Could you write out the records below exactly as they appear?

■ Stored data entries

[Start of Attachment]

lemma OVb_lift:
  fixes g :: "'a::field k10 \<Rightarrow> 'a k10"
  assumes g: "g \<in> OVb" and c2: "(2::'a) \<noteq> 0" and sq: "\<forall>a::'a. \<exists>b. b ^ 2 = a"
  shows "\<exists>\<phi>\<in>AutK10. \<forall>v\<in>Vspace. \<phi> v = g v"
proof -
  define G where "G s t = V_matrix (g (basisvec (Ten s t)))" for s t
  obtain A B where dA: "det2 A = 1" and dB: "det2 B = 1" and frame:
    "G X X = m2_mul (m2_mul A E11) B \<and> G X Y = m2_mul (m2_mul A E12) B \<and> G Y X = m2_mul (m2_mul A E21) B
        \<and> G Y Y = m2_mul (m2_mul A E22) B
     \<or> G X X = m2_mul (m2_mul A E11) B \<and> G X Y = m2_mul (m2_mul A E21) B \<and> G Y X = m2_mul (m2_mul A E12) B
        \<and> G Y Y = m2_mul (m2_mul A E22) B"
    using unit_frame_classify[OF OVb_unit_frame[OF g] sq c2] unfolding G_def by blast
  have g_basis: "g (basisvec (Ten s t)) = V_of_matrix (G s t)" if "s \<noteq> E" "t \<noteq> E" for s t
    using OVb_V_basis[OF g that] by (simp add: G_def)
  have V_basis_cases: "P s t" if "s \<noteq> E" "t \<noteq> E" "P X X" "P X Y" "P Y X" "P Y Y" for P s t
    using that by (cases s; cases t) simp_all
  from frame show ?thesis
  proof
    assume G: "G X X = m2_mul (m2_mul A E11) B \<and> G X Y = m2_mul (m2_mul A E12) B
      \<and> G Y X = m2_mul (m2_mul A E21) B \<and> G Y Y = m2_mul (m2_mul A E22) B"
    have aut: "sl2_pair_aut A B \<in> AutK10" by (rule sl2_pair_aut_in_AutK10[OF dA dB])
    have "sl2_pair_aut A B (basisvec (Ten s t)) = g (basisvec (Ten s t))" if "s \<noteq> E" "t \<noteq> E" for s t
      using that by (rule V_basis_cases) (simp_all add: g_basis G sl2_pair_aut_V_basis)
    with aut show ?thesis
      using AutK10_OVb_agree_on_Vspace[OF aut g] by blast
  next
    assume G: "G X X = m2_mul (m2_mul A E11) B \<and> G X Y = m2_mul (m2_mul A E21) B
      \<and> G Y X = m2_mul (m2_mul A E12) B \<and> G Y Y = m2_mul (m2_mul A E22) B"
    have aut: "sl2_pair_aut (m2_neg A) B \<circ> lin_ext twist_map \<in> AutK10"
      by (rule AutK10_comp[OF sl2_pair_aut_in_AutK10 twist_in_AutK10]) (simp_all add: det2_m2_neg dA dB)
    have "(sl2_pair_aut (m2_neg A) B \<circ> lin_ext twist_map) (basisvec (Ten s t)) = g (basisvec (Ten s t))"
      if "s \<noteq> E" "t \<noteq> E" for s t
      using that by (rule V_basis_cases) (simp_all add: g_basis G sl2_pair_aut_twist_V_basis)
    with aut show ?thesis
      using AutK10_OVb_agree_on_Vspace[OF aut g] by blast
  qed
qed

[End of Attachment]

■ YOUR SOLUTION
lemma OVb_lift:
  fixes g :: "'a::field k10 \<Rightarrow> 'a k10"
  assumes g: "g \<in> OVb" and c2: "(2::'a) \<noteq> 0" and sq: "\<forall>a::'a. \<exists>b. b ^ 2 = a"
  shows "\<exists>\<phi>\<in>AutK10. \<forall>v\<in>Vspace. \<phi> v = g v"
proof -
  define G where "G s t = V_matrix (g (basisvec (Ten s t)))" for s t
  obtain A B where dA: "det2 A = 1" and dB: "det2 B = 1" and frame:
    "G X X = m2_mul (m2_mul A E11) B \<and> G X Y = m2_mul (m2_mul A E12) B \<and> G Y X = m2_mul (m2_mul A E21) B
        \<and> G Y Y = m2_mul (m2_mul A E22) B
     \<or> G X X = m2_mul (m2_mul A E11) B \<and> G X Y = m2_mul (m2_mul A E21) B \<and> G Y X = m2_mul (m2_mul A E12) B
        \<and> G Y Y = m2_mul (m2_mul A E22) B"
    using unit_frame_classify[OF OVb_unit_frame[OF g] sq c2] unfolding G_def by blast
  have g_basis: "g (basisvec (Ten s t)) = V_of_matrix (G s t)" if "s \<noteq> E" "t \<noteq> E" for s t
    using OVb_V_basis[OF g that] by (simp add: G_def)
  have V_basis_cases: "P s t" if "s \<noteq> E" "t \<noteq> E" "P X X" "P X Y" "P Y X" "P Y Y" for P s t
    using that by (cases s; cases t) simp_all
  from frame show ?thesis
  proof
    assume G: "G X X = m2_mul (m2_mul A E11) B \<and> G X Y = m2_mul (m2_mul A E12) B
      \<and> G Y X = m2_mul (m2_mul A E21) B \<and> G Y Y = m2_mul (m2_mul A E22) B"
    have aut: "sl2_pair_aut A B \<in> AutK10" by (rule sl2_pair_aut_in_AutK10[OF dA dB])
    have "sl2_pair_aut A B (basisvec (Ten s t)) = g (basisvec (Ten s t))" if "s \<noteq> E" "t \<noteq> E" for s t
      using that by (rule V_basis_cases) (simp_all add: g_basis G sl2_pair_aut_V_basis)
    with aut show ?thesis
      using AutK10_OVb_agree_on_Vspace[OF aut g] by blast
  next
    assume G: "G X X = m2_mul (m2_mul A E11) B \<and> G X Y = m2_mul (m2_mul A E21) B
      \<and> G Y X = m2_mul (m2_mul A E12) B \<and> G Y Y = m2_mul (m2_mul A E22) B"
    have aut: "sl2_pair_aut (m2_neg A) B \<circ> lin_ext twist_map \<in> AutK10"
      by (rule AutK10_comp[OF sl2_pair_aut_in_AutK10 twist_in_AutK10]) (simp_all add: det2_m2_neg dA dB)
    have "(sl2_pair_aut (m2_neg A) B \<circ> lin_ext twist_map) (basisvec (Ten s t)) = g (basisvec (Ten s t))"
      if "s \<noteq> E" "t \<noteq> E" for s t
      using that by (rule V_basis_cases) (simp_all add: g_basis G sl2_pair_aut_twist_V_basis)
    with aut show ?thesis
      using AutK10_OVb_agree_on_Vspace[OF aut g] by blast
  qed
qed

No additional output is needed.